+++ DATA RECORDS

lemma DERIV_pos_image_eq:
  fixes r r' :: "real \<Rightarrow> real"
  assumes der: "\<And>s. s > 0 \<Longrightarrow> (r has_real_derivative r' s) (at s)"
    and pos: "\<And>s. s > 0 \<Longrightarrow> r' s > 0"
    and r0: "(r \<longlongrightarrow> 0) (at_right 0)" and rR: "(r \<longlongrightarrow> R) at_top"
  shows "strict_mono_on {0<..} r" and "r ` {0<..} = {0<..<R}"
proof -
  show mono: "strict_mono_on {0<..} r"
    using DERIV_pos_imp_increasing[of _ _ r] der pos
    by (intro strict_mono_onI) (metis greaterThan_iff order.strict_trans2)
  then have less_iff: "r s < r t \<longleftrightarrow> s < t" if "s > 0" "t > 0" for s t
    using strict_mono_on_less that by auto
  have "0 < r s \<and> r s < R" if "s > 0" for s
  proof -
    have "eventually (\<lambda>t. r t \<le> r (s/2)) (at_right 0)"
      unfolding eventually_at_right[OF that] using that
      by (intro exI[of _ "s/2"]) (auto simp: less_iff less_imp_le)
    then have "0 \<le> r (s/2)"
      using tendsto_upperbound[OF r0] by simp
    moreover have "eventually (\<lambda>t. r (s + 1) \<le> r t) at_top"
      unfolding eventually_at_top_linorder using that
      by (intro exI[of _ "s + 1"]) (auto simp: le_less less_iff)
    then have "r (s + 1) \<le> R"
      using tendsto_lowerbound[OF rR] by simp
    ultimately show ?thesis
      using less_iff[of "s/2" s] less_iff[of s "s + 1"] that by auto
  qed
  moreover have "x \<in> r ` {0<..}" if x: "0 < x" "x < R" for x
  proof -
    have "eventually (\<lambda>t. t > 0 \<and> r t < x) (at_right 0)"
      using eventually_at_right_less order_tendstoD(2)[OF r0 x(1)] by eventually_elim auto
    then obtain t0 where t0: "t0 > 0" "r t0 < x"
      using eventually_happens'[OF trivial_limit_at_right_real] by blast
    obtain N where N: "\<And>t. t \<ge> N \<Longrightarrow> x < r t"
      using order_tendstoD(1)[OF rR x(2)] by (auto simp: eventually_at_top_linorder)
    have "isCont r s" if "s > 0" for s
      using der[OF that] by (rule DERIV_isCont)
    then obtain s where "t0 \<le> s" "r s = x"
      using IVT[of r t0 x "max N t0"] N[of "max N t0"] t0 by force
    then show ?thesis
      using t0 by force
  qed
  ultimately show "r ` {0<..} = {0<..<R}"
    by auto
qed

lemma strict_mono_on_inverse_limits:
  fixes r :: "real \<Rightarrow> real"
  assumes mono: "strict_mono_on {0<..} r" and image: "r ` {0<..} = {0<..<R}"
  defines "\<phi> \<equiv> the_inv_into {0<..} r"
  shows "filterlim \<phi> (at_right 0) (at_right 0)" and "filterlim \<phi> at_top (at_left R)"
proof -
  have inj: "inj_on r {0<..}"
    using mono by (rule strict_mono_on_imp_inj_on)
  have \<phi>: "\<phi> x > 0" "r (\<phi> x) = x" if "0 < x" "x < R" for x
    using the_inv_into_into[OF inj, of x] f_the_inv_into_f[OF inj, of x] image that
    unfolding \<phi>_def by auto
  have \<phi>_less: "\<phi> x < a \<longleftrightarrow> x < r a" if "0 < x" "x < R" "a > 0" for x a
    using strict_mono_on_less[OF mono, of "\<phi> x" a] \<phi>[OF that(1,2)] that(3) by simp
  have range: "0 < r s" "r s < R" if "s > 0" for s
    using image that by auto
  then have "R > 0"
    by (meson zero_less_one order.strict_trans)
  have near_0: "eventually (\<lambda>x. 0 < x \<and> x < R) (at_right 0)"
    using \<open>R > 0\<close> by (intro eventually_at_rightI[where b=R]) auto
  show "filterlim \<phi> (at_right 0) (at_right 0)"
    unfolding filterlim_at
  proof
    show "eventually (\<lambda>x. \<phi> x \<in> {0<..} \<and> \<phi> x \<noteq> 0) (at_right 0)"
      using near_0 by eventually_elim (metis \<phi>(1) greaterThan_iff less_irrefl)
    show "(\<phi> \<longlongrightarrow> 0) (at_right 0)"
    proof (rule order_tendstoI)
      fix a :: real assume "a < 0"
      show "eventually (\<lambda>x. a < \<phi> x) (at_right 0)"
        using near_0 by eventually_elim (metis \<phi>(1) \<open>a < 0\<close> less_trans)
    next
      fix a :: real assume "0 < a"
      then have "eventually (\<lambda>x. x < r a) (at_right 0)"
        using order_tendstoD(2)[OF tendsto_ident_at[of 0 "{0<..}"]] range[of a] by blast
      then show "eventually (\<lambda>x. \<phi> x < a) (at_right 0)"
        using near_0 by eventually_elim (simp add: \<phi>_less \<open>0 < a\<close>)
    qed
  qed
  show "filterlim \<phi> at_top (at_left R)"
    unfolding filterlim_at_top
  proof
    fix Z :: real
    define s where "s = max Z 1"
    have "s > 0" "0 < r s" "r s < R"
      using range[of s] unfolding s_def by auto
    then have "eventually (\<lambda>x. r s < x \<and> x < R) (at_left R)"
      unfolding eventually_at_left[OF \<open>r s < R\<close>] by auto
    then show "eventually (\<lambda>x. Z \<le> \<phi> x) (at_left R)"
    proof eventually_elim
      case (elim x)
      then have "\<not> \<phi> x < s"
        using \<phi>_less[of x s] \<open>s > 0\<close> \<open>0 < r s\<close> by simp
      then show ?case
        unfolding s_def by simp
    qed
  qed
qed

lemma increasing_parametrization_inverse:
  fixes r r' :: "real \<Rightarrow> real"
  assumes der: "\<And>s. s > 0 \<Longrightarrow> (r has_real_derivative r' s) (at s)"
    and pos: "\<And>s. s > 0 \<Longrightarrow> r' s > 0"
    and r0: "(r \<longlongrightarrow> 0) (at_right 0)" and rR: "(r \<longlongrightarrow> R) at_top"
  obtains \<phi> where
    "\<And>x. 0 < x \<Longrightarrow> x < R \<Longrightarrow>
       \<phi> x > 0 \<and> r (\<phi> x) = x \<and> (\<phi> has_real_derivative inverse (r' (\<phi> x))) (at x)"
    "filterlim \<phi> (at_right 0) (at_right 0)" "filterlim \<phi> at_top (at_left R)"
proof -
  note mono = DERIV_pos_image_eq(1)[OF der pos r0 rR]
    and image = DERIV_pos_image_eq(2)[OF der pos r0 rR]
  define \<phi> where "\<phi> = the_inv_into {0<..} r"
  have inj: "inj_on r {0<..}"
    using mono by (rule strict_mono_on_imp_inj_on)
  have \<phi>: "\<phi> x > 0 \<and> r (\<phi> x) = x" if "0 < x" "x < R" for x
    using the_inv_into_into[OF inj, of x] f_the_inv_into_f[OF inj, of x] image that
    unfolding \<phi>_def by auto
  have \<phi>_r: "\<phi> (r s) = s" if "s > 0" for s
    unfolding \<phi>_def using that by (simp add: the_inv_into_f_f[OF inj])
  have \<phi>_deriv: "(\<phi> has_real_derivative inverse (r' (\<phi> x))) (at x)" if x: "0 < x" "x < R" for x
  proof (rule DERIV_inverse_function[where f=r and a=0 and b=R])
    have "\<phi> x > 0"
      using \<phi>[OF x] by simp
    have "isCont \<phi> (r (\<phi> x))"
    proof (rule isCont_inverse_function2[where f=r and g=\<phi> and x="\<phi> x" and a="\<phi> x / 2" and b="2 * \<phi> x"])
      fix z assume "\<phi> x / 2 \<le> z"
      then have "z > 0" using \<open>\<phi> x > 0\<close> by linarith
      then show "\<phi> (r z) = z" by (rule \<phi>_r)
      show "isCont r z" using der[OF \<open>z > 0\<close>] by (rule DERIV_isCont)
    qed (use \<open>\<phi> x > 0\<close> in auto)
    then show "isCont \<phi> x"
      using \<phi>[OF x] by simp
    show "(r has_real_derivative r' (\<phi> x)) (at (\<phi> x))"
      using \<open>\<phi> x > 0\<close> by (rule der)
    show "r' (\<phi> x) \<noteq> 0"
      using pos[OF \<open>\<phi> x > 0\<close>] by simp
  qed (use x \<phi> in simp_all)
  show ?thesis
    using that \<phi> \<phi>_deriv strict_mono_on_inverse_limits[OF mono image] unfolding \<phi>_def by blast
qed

++++++
+++ DATA RECORDS

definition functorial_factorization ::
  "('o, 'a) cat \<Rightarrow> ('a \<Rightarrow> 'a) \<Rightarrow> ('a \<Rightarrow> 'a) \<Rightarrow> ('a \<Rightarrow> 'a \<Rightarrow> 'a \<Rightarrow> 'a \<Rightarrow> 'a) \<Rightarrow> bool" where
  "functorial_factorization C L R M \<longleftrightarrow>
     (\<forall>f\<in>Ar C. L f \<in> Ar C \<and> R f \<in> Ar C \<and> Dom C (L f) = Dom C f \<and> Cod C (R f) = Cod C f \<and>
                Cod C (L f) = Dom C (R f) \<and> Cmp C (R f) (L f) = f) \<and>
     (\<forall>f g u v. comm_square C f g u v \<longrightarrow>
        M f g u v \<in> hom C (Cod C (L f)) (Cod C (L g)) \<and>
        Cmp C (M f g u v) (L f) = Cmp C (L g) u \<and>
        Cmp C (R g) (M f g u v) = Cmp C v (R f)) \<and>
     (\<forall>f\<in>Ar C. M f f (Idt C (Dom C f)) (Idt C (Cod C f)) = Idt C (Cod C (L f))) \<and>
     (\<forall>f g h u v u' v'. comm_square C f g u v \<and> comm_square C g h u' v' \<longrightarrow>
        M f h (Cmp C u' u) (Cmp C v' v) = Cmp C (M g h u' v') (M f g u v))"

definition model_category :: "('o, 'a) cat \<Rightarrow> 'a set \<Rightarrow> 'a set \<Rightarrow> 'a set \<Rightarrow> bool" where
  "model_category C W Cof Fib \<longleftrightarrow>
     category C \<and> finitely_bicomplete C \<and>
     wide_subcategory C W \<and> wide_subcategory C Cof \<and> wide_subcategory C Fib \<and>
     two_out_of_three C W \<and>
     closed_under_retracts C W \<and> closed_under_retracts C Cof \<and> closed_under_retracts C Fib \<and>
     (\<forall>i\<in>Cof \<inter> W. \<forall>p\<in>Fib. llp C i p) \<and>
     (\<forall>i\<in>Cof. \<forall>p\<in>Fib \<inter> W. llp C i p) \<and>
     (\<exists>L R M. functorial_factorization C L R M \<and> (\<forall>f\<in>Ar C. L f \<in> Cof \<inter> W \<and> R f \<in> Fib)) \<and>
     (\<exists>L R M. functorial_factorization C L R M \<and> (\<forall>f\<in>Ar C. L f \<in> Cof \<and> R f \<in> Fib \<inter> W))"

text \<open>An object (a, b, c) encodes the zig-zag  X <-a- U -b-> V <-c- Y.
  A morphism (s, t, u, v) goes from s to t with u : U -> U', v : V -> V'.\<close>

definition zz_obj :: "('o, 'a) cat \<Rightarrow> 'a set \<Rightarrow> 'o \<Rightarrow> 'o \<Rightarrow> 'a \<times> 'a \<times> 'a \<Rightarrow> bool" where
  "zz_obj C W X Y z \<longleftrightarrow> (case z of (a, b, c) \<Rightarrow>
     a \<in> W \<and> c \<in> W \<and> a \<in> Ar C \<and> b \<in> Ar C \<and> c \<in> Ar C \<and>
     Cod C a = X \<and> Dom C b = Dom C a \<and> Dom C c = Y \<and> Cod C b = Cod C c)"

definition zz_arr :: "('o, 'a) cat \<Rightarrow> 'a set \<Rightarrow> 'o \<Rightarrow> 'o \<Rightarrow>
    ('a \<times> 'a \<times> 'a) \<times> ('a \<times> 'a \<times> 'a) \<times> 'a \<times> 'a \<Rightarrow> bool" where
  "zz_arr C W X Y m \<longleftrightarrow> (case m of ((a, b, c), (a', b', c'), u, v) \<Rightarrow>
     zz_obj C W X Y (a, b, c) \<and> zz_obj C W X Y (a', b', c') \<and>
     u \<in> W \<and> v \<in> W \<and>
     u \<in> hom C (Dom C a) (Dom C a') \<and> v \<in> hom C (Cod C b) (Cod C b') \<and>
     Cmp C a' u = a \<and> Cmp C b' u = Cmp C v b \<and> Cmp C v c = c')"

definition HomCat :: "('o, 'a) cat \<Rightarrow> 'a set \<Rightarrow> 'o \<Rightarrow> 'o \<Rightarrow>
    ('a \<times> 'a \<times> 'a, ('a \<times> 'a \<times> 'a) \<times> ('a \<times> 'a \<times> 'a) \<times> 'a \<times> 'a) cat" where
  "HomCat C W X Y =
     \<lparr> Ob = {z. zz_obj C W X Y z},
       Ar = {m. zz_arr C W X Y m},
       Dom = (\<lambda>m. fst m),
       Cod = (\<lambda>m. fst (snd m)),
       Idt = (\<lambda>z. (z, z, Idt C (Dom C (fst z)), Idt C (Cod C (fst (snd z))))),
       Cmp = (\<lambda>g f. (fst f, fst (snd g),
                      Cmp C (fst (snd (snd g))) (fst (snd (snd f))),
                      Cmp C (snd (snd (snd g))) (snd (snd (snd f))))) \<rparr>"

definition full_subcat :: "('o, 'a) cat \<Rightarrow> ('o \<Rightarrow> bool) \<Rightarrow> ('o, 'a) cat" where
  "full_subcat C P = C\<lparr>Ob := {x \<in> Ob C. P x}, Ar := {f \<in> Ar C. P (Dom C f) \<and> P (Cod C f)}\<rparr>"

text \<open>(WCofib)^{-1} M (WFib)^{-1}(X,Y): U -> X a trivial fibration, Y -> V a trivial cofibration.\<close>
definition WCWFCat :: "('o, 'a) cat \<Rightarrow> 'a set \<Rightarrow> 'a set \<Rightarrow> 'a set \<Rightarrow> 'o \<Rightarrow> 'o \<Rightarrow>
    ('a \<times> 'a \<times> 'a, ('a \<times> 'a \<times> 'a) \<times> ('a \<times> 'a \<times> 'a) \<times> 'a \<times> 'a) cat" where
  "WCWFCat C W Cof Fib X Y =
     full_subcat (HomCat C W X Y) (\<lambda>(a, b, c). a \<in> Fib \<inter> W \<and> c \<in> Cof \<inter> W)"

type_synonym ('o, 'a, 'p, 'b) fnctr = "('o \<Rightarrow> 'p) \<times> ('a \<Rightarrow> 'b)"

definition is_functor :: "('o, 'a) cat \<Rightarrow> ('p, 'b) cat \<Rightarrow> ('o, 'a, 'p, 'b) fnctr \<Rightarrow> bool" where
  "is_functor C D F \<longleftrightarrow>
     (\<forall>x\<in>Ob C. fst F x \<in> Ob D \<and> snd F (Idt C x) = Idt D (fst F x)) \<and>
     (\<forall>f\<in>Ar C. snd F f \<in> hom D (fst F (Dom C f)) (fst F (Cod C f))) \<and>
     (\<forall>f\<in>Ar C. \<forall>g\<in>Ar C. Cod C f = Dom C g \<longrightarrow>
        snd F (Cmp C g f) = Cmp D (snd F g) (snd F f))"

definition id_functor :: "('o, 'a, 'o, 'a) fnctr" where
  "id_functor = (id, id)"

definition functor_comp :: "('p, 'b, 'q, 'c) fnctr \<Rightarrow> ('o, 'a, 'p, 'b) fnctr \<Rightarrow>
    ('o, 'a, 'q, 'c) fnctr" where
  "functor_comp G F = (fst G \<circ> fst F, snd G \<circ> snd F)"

++++++

-- TASK GOAL --
Please give again the lines above between the line holding "using near_0 by eventually_elim (metis \<phi>(1) \<open>a" and the line holding "define s where", inclusive, exactly as they are and with nothing added.

-- EXPECTED OUTPUT --
        using near_0 by eventually_elim (metis \<phi>(1) \<open>a < 0\<close> less_trans)
    next
      fix a :: real assume "0 < a"
      then have "eventually (\<lambda>x. x < r a) (at_right 0)"
        using order_tendstoD(2)[OF tendsto_ident_at[of 0 "{0<..}"]] range[of a] by blast
      then show "eventually (\<lambda>x. \<phi> x < a) (at_right 0)"
        using near_0 by eventually_elim (simp add: \<phi>_less \<open>0 < a\<close>)
    qed
  qed
  show "filterlim \<phi> at_top (at_left R)"
    unfolding filterlim_at_top
  proof
    fix Z :: real
    define s where "s = max Z 1"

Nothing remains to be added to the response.